The early start has paid off. In poll results released yesterday, Dr. Dean was ahead of the next most popular Democract, Mr. Kerry, by 21 percentage points in the bellwether state of New Hampshire. After trailing the Massachusetts senator earlier this year, Dr. Dean polled 38 per cent to Mr. Kerry's 17 per cent in the Zogby International poll conducted Aug. 23-26.

The risk, of course, is that Dr. Dean could flame out early, wasting money while most Americans are paying more attention to summer barbecues and back-to-school routines than next year's presidential race, which begins with January's Iowa and New Hampshire primaries.

His handlers, however, scoff at the suggestion that campaigning hard and early is a strategic mistake. They've dubbed the recent campaign blitz the "Sleepless Summer" tour.

"This is going to happen really fast," Joe Trippi, Dr. Dean's campaign manager, told reporters at a stop in Chicago this week. "This is going to be the most compressed election cycle in history and [we] believe from the beginning, you have to be aggressive."

Dr. Dean's campaign is clearly generating buzz, which seems to be the objective. While rivals such as Mr. Lieberman or Congressman Richard Gephardt draw polite applause at Rotary Club luncheons and labour-union meetings, Dr.
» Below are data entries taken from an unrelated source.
(* If $n$ is a positive integer, then $$\sum_{k = 1}^n \sum_{j = 0}^{k - 1} ( - 1)^{n - j} \frac{( n - j - 1)!}{n - j + 1}\left\{ {n \atop n - j} \right\} = B_n .$$
   Context: $\left\{ {n \atop m} \right\}$ denotes the Stirling number of the second kind. $B_n$ are the Bernoulli numbers, defined by $\frac{t}{e^t-1}=\sum_{n\ge0}B_n\frac{t^n}{n!}$ (so $B_1=-1/2$). *)

theory Defs
  imports "HOL-Combinatorics.Stirling" "HOL-Computational_Algebra.Formal_Power_Series"
begin

text \<open>Bernoulli numbers via their exponential generating function
  t / (e^t - 1) = sum_n B_n t^n / n!, taken as a formal power series over the reals
  (so B_1 = -1/2).\<close>

definition bernoulli_gf :: "real fps" where
  "bernoulli_gf = fps_X / (fps_exp 1 - 1)"

definition bernoulli :: "nat \<Rightarrow> real" where
  "bernoulli n = fact n * fps_nth bernoulli_gf n"

end

theory Submission
  imports Defs
begin

text \<open>Substituting \<open>u = e\<^sup>t - 1\<close> into \<open>ln (1 + u) / u = \<Sum>\<^sub>m (-1)\<^sup>m u\<^sup>m / (m + 1)\<close> gives
  \<open>t / (e\<^sup>t - 1)\<close>, and the \<open>n\<close>-th coefficient of \<open>(e\<^sup>t - 1)\<^sup>m\<close> is \<open>m! S(n, m) / n!\<close>;
  hence \<open>B\<^sub>n = \<Sum>\<^sub>m (-1)\<^sup>m m! S(n, m) / (m + 1)\<close>. In the double sum the \<open>j\<close>-th inner term
  occurs \<open>n - j\<close> times, and \<open>(n - j) (n - j - 1)! = (n - j)!\<close> turns it into this formula.\<close>

unbundle fps_syntax

lemma fps_exp_minus_one_power_nth:
  "((fps_exp (1::'a::field_char_0) - 1) ^ m) $ n = fact m * of_nat (Stirling n m) / fact n"
proof (induction n arbitrary: m)
  case 0
  then show ?case by (cases m) simp_all
next
  case (Suc n)
  let ?U = "fps_exp (1::'a) - 1"
  show ?case
  proof (cases m)
    case 0
    then show ?thesis by simp
  next
    case (Suc k)
    have "fps_deriv ?U = 1 + ?U" by simp
    then have "fps_deriv (?U ^ Suc k) = of_nat (Suc k) * (?U ^ k + ?U ^ Suc k)"
      by (simp only: fps_deriv_power' diff_Suc_1) (simp add: algebra_simps)
    then have "of_nat (Suc n) * (?U ^ Suc k) $ Suc n = of_nat (Suc k) * ((?U ^ k) $ n + (?U ^ Suc k) $ n)"
      by (metis fps_deriv_nth fps_mult_left_const_nth fps_of_nat fps_add_nth Suc_eq_plus1)
    then have "(?U ^ Suc k) $ Suc n = of_nat (Suc k) * ((?U ^ k) $ n + (?U ^ Suc k) $ n) / of_nat (Suc n)"
      by (simp add: field_simps del: of_nat_Suc)
    then show ?thesis
      unfolding Suc.IH \<open>m = Suc k\<close> by (simp add: field_simps)
  qed
qed

lemma fps_ln_eq_X_mult:
  "fps_ln (c::'a::field_char_0) = fps_X * Abs_fps (\<lambda>m. (-1) ^ m / (of_nat (Suc m) * c))"
  by (rule fps_ext) (simp add: fps_ln_nth)

lemma fps_X_div_exp_minus_one:
  "fps_X / (fps_exp (1::'a::field_char_0) - 1) = Abs_fps (\<lambda>m. (-1) ^ m / of_nat (Suc m)) oo (fps_exp 1 - 1)"
proof -
  let ?U = "fps_exp (1::'a) - 1"
  have "?U $ 1 \<noteq> 0" by simp
  then have "?U \<noteq> 0" by force
  have "fps_X = fps_ln 1 oo ?U"
    by (simp add: fps_ln_fps_exp_inv fps_inv)
  also have "\<dots> = ?U * (Abs_fps (\<lambda>m. (-1) ^ m / of_nat (Suc m)) oo ?U)"
    unfolding fps_ln_eq_X_mult by (simp add: fps_compose_mult_distrib)
  finally show ?thesis
    using \<open>?U \<noteq> 0\<close> by (metis nonzero_mult_div_cancel_left)
qed

lemma bernoulli_Stirling:
  "bernoulli n = (\<Sum>m = 0..n. (-1) ^ m * fact m / real (Suc m) * real (Stirling n m))"
  unfolding bernoulli_def bernoulli_gf_def fps_X_div_exp_minus_one fps_compose_nth
    fps_exp_minus_one_power_nth sum_distrib_left
  by (rule sum.cong) simp_all

lemma sum_partial_sums:
  fixes a :: "nat \<Rightarrow> 'a::comm_semiring_1"
  shows "(\<Sum>k = 1..n. \<Sum>j = 0..k - 1. a j) = (\<Sum>j = 0..n. of_nat (n - j) * a j)"
proof (induction n)
  case 0
  then show ?case by simp
next
  case (Suc n)
  have "(\<Sum>j = 0..Suc n. of_nat (Suc n - j) * a j) = (\<Sum>j = 0..n. of_nat (Suc n - j) * a j)"
    by simp
  also have "\<dots> = (\<Sum>j = 0..n. of_nat (n - j) * a j + a j)"
    by (rule sum.cong) (auto simp: Suc_diff_le algebra_simps)
  finally show ?case
    using Suc.IH by (simp add: sum.distrib)
qed

theorem proposition6:
  fixes n :: nat
  assumes "n \<ge> 1"
  shows "(\<Sum>k = 1..n. \<Sum>j = 0..k - 1.
            (-1) ^ (n - j) * fact (n - j - 1) / real (n - j + 1) * real (Stirling n (n - j)))
         = bernoulli n"
proof -
  define b where "b m = (-1) ^ m * fact m / real (Suc m) * real (Stirling n m)" for m
  have term_eq: "real m * ((-1) ^ m * fact (m - 1) / real (m + 1) * real (Stirling n m)) = b m" for m
  proof (cases m)
    case 0
    then show ?thesis using assms by (cases n) (simp_all add: b_def)
  next
    case (Suc p)
    then show ?thesis by (simp add: b_def field_simps)
  qed
  have "(\<Sum>k = 1..n. \<Sum>j = 0..k - 1.
            (-1) ^ (n - j) * fact (n - j - 1) / real (n - j + 1) * real (Stirling n (n - j)))
      = (\<Sum>j = 0..n. b (n - j))"
    unfolding sum_partial_sums term_eq ..
  also have "\<dots> = (\<Sum>m = 0..n. b m)"
    by (subst sum.atLeastAtMost_rev) simp
  finally show ?thesis
    unfolding b_def bernoulli_Stirling .
qed

end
Dean is the star attraction at events with up to 10,000 people.

His first breakthrough came in the April to June period, when he raised $7.6-million (U.S.) — more than any other Democratic candidate. His campaign is now on track to take in another $10.3-million in the third quarter — the first Democrat to raise that much money since Mr. Clinton in 1995, and he was president at the time.
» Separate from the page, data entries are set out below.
lemma anticomplete_adj_twin_of_c_1:
  assumes k: "2 \<le> k" and z: "z \<in> V" "z \<notin> H" "\<forall>w\<in>H. \<not> E z w"
    and tw: "twin y (c 1)" and e: "E z y"
  shows "\<exists>a' c'. half_chain V E (k + 1) a' c'"
proof (cases "E y (c 1)")
  case True
  have yV: "y \<in> V" and yH: "y \<notin> H" using twinD tw by auto
  have False
  proof (rule no_induced_bull[of y "a k" "c 1" z "c 2"])
    show "y \<in> V" "a k \<in> V" "c 1 \<in> V" "z \<in> V" "c 2 \<in> V" using yV a_in_V c_in_V z k by auto
    have "y \<noteq> a k" "y \<noteq> c 1" "y \<noteq> c 2" "z \<noteq> a k" "z \<noteq> c 1" "z \<noteq> c 2"
      using not_in_H_neq[OF yH] not_in_H_neq[OF z(2)] k by auto
    moreover have "a k \<noteq> c 1" "a k \<noteq> c 2" "c 1 \<noteq> c 2" using a_neq_c c_eq_iff k by auto
    ultimately show "distinct [y, a k, c 1, z, c 2]" using e by auto
    show "E y (a k)" using twin_of_c_a_adj_iff[OF tw, of k] k by auto
    show "E (a k) (c 1)" "E (a k) (c 2)" using a_c_adj_iff k by auto
    show "E y (c 1)" by (rule True)
    show "E y z" using e adj_commute by auto
    show "\<not> E y (c 2)" using twin_of_c_c_nonadj[OF tw, of 2] k by auto
    show "\<not> E (a k) z" "\<not> E (c 1) z" "\<not> E z (c 2)" using z(3) a_in_H c_in_H k adj_commute by auto
    show "\<not> E (c 1) (c 2)" using c_c_nonadj k by auto
  qed
  then show ?thesis ..
next
  case False
  then have "false_twin y (c 1)" using tw unfolding false_twin_def by auto
  then show ?thesis using extend_at_bottom[OF _ z e] k by auto
qed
The Dean campaign staff is already musing about opting out of the federal campaign-finance system, which provides matching government grants in exchange for agreeing to cap total spending. Mr. Bush opted out in 2000, freeing himself to raise and spend record amounts of cash.

"Dean's already winning the critical two early primaries: the media primary and the wealth primary," Prof. Lichtman explained.
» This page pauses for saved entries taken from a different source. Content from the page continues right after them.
lemma dfs_forest_succ_arcs: "dfs_forest A H L F' \<Longrightarrow> F' \<subseteq> succ_arcs"
  using dfs_run_succ_arcs[of L "({}, {})"] unfolding dfs_forest_def upward_closed_def by fastforce

lemma dfs_forest_dipath:
  assumes "dfs_forest A H L F'" "v \<in> V"
  shows "is_dipath F' (ucomp F' v)"
proof (rule successor_forest.ucomp_dipath[OF _ assms(2)])
  have F': "F' \<subseteq> succ_arcs" by (rule dfs_forest_succ_arcs[OF assms(1)])
  then have "F' \<subseteq> H" unfolding succ_arcs_def by auto
  have "is_succ A (ucomp F' x) x y" if xy: "(x, y) \<in> F'" for x y
  proof -
    have "x \<in> ucomp F' x" by (simp add: ucomp_def)
    then have "y \<in> ucomp F' x" using ucomp_arc_closed(2)[OF xy] by blast
    moreover have "A x < A y" using xy \<open>F' \<subseteq> H\<close> successor_linked_arc[OF linked] by blast
    moreover have "A y \<le> A z" if "z \<in> ucomp F' x" "A x < A z" for z
    proof -
      have "(x, z) \<in> conn H" using that(1) conn_mono[OF \<open>F' \<subseteq> H\<close>] unfolding ucomp_def by blast
      then show ?thesis using xy F' that(2) unfolding succ_arcs_def above_def by blast
    qed
    ultimately show ?thesis unfolding is_succ_def by blast
  qed
  then show "successor_forest A V F'"
    using inj_A finite_V H_subset \<open>F' \<subseteq> H\<close> by unfold_locales auto
qed

end

section \<open>The reach-one graph\<close>

definition tree_inv :: "arcs \<Rightarrow> nat set \<Rightarrow> arcs \<Rightarrow> bool" where
  "tree_inv E S P \<longleftrightarrow> P \<subseteq> E \<and> snd ` P \<subseteq> S \<and> (\<forall>x x' y. (x, y) \<in> P \<longrightarrow> (x', y) \<in> P \<longrightarrow> x = x')"

lemma dfs_tree_inv:
  assumes out: "\<And>u. set (out_list A E u) \<subseteq> {w. (u, w) \<in> E}"
  shows "dfs_visit A E u st st' \<Longrightarrow> tree_inv E (insert u (fst st)) (snd st)
      \<Longrightarrow> tree_inv E (fst st') (snd st')"
    and "dfs_loop A E u ws st st' \<Longrightarrow> set ws \<subseteq> {w. (u, w) \<in> E} \<Longrightarrow> tree_inv E (fst st) (snd st)
      \<Longrightarrow> tree_inv E (fst st') (snd st')"
proof (induction rule: dfs_visit_dfs_loop.inducts)
  case (visit u S P st')
  then show ?case using out by simp
next
  case (loop_new w S u P st1 ws st')
  have "tree_inv E (insert w S) (insert (u, w) P)"
    using loop_new.prems loop_new.hyps(1) unfolding tree_inv_def by auto
  then show ?case using loop_new by simp
qed auto

lemma dfs_forest_tree:
  fixes A :: "nat \<Rightarrow> real"
  assumes "inj_on A V" "E \<subseteq> V \<times> V" "finite V" "dfs_forest A E L F"
  shows "F \<subseteq> E" "\<And>x x' y. (x, y) \<in> F \<Longrightarrow> (x', y) \<in> F \<Longrightarrow> x = x'"
proof -
  obtain S where run: "dfs_run A E L ({}, {}) (S, F)"
    using assms(4) unfolding dfs_forest_def by blast
  have out: "set (out_list A E u) \<subseteq> {w. (u, w) \<in> E}" for u
    using set_out_list(1)[OF assms(1-3)] by simp
  have "tree_inv E (fst st') (snd st')"
    if "dfs_run A E ls st st'" "tree_inv E (fst st) (snd st)" for ls st st'
    using that
  proof (induction rule: dfs_run.induct)
    case (run_new l S P st1 ls st')
    then have "tree_inv E (insert l S) P" unfolding tree_inv_def by auto
    then show ?case using run_new dfs_tree_inv(1)[OF out] by simp
  qed auto
  from this[OF run] show "F \<subseteq> E" "\<And>x x' y. (x, y) \<in> F \<Longrightarrow> (x', y) \<in> F \<Longrightarrow> x = x'"
    unfolding tree_inv_def by auto
qed

lemma card_mod_eq_le_1:
  fixes n :: nat
  assumes "\<And>x. x \<in> S \<Longrightarrow> x \<in> {1..n} \<and> f x mod n = c"
    and "\<And>x y. x \<in> {1..n} \<Longrightarrow> y \<in> {1..n} \<Longrightarrow> f x mod n = f y mod n \<Longrightarrow> x = y"
  shows "card S \<le> 1"
proof -
  have "finite S" using assms(1) by (meson finite_atLeastAtMost finite_subset subsetI)
  then show ?thesis using assms by (auto simp: card_le_Suc0_iff_eq)
qed

lemma mod_inj_on_Icc:
  fixes n x y :: nat
  assumes "x \<in> {1..n}" "y \<in> {1..n}" "x mod n = y mod n"
  shows "x = y"
  using assms by (cases "x = n"; cases "y = n") (auto simp: mod_if)

lemma reach_one_graph_degree: "card (neighbours (reach_one_graph A n) u) \<le> 2"
proof -
  let ?S1 = "{x \<in> {1..n}. x mod n = (u + 1) mod n}"
  let ?S2 = "{x \<in> {1..n}. (x + 1) mod n = u mod n}"
  have "card (neighbours (reach_one_graph A n) u) \<le> card (?S1 \<union> ?S2)"
    by (rule card_mono) (auto simp: neighbours_def reach_one_graph_def)
  also have "\<dots> \<le> card ?S1 + card ?S2" by (rule card_Un_le)
  finally have "card (neighbours (reach_one_graph A n) u) \<le> card ?S1 + card ?S2" .
  moreover have "card ?S1 \<le> 1"
    by (rule card_mod_eq_le_1[where f = id]) (auto intro: mod_inj_on_Icc)
  moreover have "card ?S2 \<le> 1"
  proof (rule card_mod_eq_le_1[where f = Suc and c = "u mod n"])
    fix x y assume xy: "x \<in> {1..n}" "y \<in> {1..n}" and "Suc x mod n = Suc y mod n"
    then have "x mod n = y mod n" by (simp add: nat_mod_eq_iff)
    with xy show "x = y" by (rule mod_inj_on_Icc)
  qed simp
  ultimately show ?thesis by linarith
qed

lemma reach_one_dfs_forest:
  assumes "inj_on A {1..n}" "dfs_forest A (reach_one_graph A n) L F"
  shows "degree2_forest A {1..n} F"
proof -
  have G: "reach_one_graph A n \<subseteq> {1..n} \<times> {1..n}" unfolding reach_one_graph_def by auto
  note F = dfs_forest_tree[OF assms(1) G finite_atLeastAtMost assms(2)]
  have "card (neighbours F u) \<le> card (neighbours (reach_one_graph A n) u)" for u
  proof (rule card_mono)
    have "neighbours (reach_one_graph A n) u \<subseteq> {1..n}" using G unfolding neighbours_def by auto
    then show "finite (neighbours (reach_one_graph A n) u)" by (rule finite_subset) simp
    show "neighbours F u \<subseteq> neighbours (reach_one_graph A n) u"
      using F(1) unfolding neighbours_def by auto
  qed
  then show ?thesis
  proof unfold_locales
    show "card (neighbours F u) \<le> 2" for u
      using \<open>card (neighbours F u) \<le> _\<close> reach_one_graph_degree[of A n u] by (rule le_trans)
    show "(u, w) \<in> F \<Longrightarrow> u \<in> {1..n} \<and> w \<in> {1..n} \<and> A u < A w" for u w
      using F(1) unfolding reach_one_graph_def by auto
  qed (use assms(1) F(2) in auto)
qed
Dr. Dean has also benefited from the relative greyness of his rivals, analysts said.

Three senators with years of political experience and personal wealth had been expected to surge to the early lead — Mr. Kerry of Massachusetts, Mr. Lieberman of Connecticut and North Carolina's John Edwards.

But that hasn't happened. All three have stumbled in their own way, failing to seize the imagination of a party desperate to unseat Mr. Bush.

Dr. Dean is pouncing on the opportunity. His latest television ads focus on three hot-button issues for Democrats: the perceived recklessness of the Bush administration's tax cuts, the war in Iraq and the crisis in health care.

"I opposed the war in Iraq when too many Democrats supported it," Dr. Dean says in the ad, accusing his opponents of being too "scared" to stand up to Mr. Bush. "I created jobs as governor, balanced budgets, and made sure every child in my state has health insurance. As president, I'll make sure every American does too."

The impact of the ads pales next to all the free publicity he's been getting. He's already been on the cover of Time Magazine and Rolling Stone, not to mention Modern Physician.

Identifying the real Dr. Dean isn't easy. He's positioned himself as the candidate on the far left of the party, particularly with his antiwar stand.

But his résumé reads more like that of a New England blue blood. He's the son of a Wall Street stockbroker. He studied political science at Yale (Mr. Bush's alma mater) and then medicine at Albert Einstein College in New York. He's been a career politician in Vermont for the past two decades.

He also insists that he's a fiscal conservative, if only to hammer at what he considers the imprudence of Mr. Bush's tax cuts.